Below are the records. Retype exactly the lines between the lines holding "singular values: \<open>Y" and "tensored with \<open>I\<^sub>p\<close>, and", inclusive.

= = =

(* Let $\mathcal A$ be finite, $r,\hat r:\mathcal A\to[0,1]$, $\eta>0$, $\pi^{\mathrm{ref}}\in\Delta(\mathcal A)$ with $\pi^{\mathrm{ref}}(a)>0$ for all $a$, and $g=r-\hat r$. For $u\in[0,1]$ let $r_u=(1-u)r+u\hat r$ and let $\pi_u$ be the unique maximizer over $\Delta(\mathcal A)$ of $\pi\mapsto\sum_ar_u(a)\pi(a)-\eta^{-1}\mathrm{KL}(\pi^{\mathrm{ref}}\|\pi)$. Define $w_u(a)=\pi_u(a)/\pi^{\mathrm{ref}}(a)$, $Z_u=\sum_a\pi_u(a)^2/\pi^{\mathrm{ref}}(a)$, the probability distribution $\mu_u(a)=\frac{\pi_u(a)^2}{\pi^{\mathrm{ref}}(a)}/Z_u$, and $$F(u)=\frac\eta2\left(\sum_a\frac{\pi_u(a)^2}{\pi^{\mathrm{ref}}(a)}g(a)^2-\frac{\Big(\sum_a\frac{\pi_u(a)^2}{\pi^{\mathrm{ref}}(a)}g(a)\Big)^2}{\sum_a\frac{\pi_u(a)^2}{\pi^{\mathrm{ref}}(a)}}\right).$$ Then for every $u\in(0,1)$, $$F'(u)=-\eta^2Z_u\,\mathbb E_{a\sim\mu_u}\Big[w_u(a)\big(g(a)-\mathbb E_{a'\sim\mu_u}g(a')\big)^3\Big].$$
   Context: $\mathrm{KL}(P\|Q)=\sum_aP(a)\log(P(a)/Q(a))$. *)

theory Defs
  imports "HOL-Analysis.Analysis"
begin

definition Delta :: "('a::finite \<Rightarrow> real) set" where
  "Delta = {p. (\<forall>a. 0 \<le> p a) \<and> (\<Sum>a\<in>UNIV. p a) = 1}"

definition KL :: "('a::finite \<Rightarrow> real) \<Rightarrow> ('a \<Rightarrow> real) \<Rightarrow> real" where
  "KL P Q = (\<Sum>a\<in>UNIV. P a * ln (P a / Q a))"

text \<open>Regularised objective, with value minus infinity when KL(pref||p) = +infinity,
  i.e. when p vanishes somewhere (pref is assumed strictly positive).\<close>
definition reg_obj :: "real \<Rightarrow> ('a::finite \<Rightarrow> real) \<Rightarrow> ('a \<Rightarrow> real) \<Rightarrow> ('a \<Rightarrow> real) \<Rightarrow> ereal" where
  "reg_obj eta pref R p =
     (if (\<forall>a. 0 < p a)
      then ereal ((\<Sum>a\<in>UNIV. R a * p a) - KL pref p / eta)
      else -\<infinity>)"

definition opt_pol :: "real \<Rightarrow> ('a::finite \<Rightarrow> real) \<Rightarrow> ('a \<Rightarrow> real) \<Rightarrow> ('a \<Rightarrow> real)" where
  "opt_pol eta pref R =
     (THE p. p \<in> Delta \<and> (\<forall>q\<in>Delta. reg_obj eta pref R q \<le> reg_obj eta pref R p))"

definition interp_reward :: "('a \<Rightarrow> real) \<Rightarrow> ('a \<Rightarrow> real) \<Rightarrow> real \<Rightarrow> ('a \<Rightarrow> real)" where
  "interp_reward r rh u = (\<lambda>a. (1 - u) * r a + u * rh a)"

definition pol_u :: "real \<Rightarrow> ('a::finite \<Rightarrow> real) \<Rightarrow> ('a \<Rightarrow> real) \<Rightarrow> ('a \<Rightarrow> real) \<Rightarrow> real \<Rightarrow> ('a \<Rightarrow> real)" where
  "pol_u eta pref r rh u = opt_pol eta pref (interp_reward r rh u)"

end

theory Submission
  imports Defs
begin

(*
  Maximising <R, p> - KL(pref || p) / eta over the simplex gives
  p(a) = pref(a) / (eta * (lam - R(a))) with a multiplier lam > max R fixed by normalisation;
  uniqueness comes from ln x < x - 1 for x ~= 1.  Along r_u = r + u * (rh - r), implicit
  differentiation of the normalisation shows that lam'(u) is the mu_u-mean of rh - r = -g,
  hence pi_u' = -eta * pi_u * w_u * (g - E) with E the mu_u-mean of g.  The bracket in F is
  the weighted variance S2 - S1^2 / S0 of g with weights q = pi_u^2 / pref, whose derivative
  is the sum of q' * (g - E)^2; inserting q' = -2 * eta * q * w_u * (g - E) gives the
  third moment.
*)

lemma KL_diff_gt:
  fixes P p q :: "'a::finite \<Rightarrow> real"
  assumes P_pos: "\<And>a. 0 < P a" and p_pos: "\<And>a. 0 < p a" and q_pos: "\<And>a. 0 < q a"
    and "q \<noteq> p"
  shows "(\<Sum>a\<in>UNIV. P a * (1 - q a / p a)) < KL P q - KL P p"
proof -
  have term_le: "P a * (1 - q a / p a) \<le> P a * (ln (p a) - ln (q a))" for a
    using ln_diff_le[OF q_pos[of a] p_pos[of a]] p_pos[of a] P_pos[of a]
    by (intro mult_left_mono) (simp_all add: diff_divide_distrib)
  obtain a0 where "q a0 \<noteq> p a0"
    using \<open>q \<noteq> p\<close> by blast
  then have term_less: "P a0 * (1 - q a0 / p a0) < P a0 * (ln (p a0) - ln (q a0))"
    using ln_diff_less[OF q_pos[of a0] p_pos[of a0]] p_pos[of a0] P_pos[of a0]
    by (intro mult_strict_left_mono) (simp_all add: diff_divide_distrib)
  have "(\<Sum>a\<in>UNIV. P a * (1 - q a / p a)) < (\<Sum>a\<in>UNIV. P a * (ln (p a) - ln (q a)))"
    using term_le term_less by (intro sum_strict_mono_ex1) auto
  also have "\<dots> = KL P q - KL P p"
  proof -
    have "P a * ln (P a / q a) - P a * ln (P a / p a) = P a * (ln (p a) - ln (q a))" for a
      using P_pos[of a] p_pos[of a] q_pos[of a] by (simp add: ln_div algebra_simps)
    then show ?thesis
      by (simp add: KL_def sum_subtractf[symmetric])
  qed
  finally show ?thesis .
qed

= = =

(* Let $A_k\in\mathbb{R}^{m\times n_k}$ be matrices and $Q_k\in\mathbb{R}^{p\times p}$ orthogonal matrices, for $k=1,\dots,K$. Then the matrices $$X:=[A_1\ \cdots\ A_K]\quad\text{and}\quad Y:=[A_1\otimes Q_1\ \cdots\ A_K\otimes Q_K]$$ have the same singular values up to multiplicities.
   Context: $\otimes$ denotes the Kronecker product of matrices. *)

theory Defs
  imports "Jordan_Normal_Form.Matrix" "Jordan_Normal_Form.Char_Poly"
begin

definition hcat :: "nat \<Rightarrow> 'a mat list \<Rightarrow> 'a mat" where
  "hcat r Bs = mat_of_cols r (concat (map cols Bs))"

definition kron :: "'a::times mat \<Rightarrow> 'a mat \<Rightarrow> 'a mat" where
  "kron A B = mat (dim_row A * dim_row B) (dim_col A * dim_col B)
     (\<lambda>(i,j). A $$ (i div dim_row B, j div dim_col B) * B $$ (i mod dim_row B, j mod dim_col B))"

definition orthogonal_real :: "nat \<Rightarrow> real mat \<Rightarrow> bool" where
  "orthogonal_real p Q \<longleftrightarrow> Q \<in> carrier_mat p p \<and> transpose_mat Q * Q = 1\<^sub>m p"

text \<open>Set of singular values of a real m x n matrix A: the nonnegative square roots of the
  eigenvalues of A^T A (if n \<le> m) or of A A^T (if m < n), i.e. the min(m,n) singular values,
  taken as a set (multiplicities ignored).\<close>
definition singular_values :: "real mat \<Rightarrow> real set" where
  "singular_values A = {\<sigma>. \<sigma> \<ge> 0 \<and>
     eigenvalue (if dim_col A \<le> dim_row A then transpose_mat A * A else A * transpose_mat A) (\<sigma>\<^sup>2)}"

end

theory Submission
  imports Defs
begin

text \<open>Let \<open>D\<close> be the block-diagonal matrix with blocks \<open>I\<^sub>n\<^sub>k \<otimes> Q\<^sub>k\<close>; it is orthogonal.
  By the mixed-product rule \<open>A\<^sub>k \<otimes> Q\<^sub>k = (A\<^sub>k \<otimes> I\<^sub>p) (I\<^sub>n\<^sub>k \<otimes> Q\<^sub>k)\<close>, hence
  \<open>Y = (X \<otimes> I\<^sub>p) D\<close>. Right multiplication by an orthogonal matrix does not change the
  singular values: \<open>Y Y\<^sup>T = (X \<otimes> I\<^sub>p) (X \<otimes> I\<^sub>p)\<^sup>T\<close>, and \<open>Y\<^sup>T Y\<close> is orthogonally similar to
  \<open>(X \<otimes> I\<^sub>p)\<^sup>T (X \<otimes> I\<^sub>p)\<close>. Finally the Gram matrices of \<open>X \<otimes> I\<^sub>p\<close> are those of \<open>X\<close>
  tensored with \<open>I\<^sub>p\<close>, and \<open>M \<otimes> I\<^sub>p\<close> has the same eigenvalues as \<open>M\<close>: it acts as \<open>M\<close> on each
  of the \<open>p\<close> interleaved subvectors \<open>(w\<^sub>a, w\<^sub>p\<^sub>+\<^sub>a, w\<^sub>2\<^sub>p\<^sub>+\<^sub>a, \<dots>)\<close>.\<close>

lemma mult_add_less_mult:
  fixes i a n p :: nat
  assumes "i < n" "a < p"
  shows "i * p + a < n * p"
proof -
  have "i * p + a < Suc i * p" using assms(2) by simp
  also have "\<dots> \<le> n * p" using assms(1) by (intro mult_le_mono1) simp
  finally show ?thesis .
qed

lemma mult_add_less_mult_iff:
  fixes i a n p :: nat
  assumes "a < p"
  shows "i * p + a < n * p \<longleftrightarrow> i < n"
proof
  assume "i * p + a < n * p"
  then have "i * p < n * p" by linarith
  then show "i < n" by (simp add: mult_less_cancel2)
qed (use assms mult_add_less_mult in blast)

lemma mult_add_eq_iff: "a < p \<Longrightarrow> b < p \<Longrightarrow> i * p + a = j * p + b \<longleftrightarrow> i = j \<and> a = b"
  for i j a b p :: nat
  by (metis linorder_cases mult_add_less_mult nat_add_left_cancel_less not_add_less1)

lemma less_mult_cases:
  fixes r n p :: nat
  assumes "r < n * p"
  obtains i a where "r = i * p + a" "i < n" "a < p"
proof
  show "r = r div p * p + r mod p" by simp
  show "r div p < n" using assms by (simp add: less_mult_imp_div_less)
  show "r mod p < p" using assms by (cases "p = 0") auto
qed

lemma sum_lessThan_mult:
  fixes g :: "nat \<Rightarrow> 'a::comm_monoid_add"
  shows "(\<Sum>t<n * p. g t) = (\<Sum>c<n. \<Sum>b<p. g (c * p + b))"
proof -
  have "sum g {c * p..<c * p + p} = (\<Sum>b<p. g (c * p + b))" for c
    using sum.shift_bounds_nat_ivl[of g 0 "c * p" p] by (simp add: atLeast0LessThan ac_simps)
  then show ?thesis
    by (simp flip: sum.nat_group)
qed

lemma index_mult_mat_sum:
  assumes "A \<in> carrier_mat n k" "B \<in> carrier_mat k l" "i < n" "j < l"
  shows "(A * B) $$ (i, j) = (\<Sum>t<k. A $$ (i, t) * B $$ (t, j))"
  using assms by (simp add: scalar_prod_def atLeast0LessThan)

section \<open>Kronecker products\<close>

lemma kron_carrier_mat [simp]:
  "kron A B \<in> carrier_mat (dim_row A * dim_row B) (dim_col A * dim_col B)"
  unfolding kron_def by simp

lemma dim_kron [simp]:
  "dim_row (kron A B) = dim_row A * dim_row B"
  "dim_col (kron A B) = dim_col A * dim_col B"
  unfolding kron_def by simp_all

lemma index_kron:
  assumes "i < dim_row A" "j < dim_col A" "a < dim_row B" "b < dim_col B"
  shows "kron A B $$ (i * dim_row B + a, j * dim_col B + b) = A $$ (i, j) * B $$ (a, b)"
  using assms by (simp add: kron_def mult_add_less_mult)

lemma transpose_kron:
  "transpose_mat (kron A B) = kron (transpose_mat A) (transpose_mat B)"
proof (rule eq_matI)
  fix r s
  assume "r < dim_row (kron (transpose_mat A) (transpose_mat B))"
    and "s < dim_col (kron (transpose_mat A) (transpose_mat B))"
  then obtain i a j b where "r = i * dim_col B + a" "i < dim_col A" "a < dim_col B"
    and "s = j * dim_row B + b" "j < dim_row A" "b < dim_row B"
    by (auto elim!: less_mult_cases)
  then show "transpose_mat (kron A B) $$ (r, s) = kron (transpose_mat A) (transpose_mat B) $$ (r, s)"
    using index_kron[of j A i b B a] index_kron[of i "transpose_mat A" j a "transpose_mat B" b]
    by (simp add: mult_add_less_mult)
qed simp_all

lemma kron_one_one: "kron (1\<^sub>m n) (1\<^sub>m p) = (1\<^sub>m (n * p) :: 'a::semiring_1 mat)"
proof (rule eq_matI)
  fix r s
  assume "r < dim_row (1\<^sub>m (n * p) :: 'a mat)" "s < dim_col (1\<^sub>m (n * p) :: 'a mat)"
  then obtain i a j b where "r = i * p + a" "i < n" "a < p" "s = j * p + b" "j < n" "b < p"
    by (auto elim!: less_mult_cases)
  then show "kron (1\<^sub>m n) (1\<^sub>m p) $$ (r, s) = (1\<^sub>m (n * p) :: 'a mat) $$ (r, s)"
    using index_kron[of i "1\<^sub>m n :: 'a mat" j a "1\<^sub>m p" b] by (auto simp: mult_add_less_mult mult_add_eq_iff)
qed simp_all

= = =

▶ **Exercise output**
  singular values: \<open>Y Y\<^sup>T = (X \<otimes> I\<^sub>p) (X \<otimes> I\<^sub>p)\<^sup>T\<close>, and \<open>Y\<^sup>T Y\<close> is orthogonally similar to
  \<open>(X \<otimes> I\<^sub>p)\<^sup>T (X \<otimes> I\<^sub>p)\<close>. Finally the Gram matrices of \<open>X \<otimes> I\<^sub>p\<close> are those of \<open>X\<close>
  tensored with \<open>I\<^sub>p\<close>, and \<open>M \<otimes> I\<^sub>p\<close> has the same eigenvalues as \<open>M\<close>: it acts as \<open>M\<close> on each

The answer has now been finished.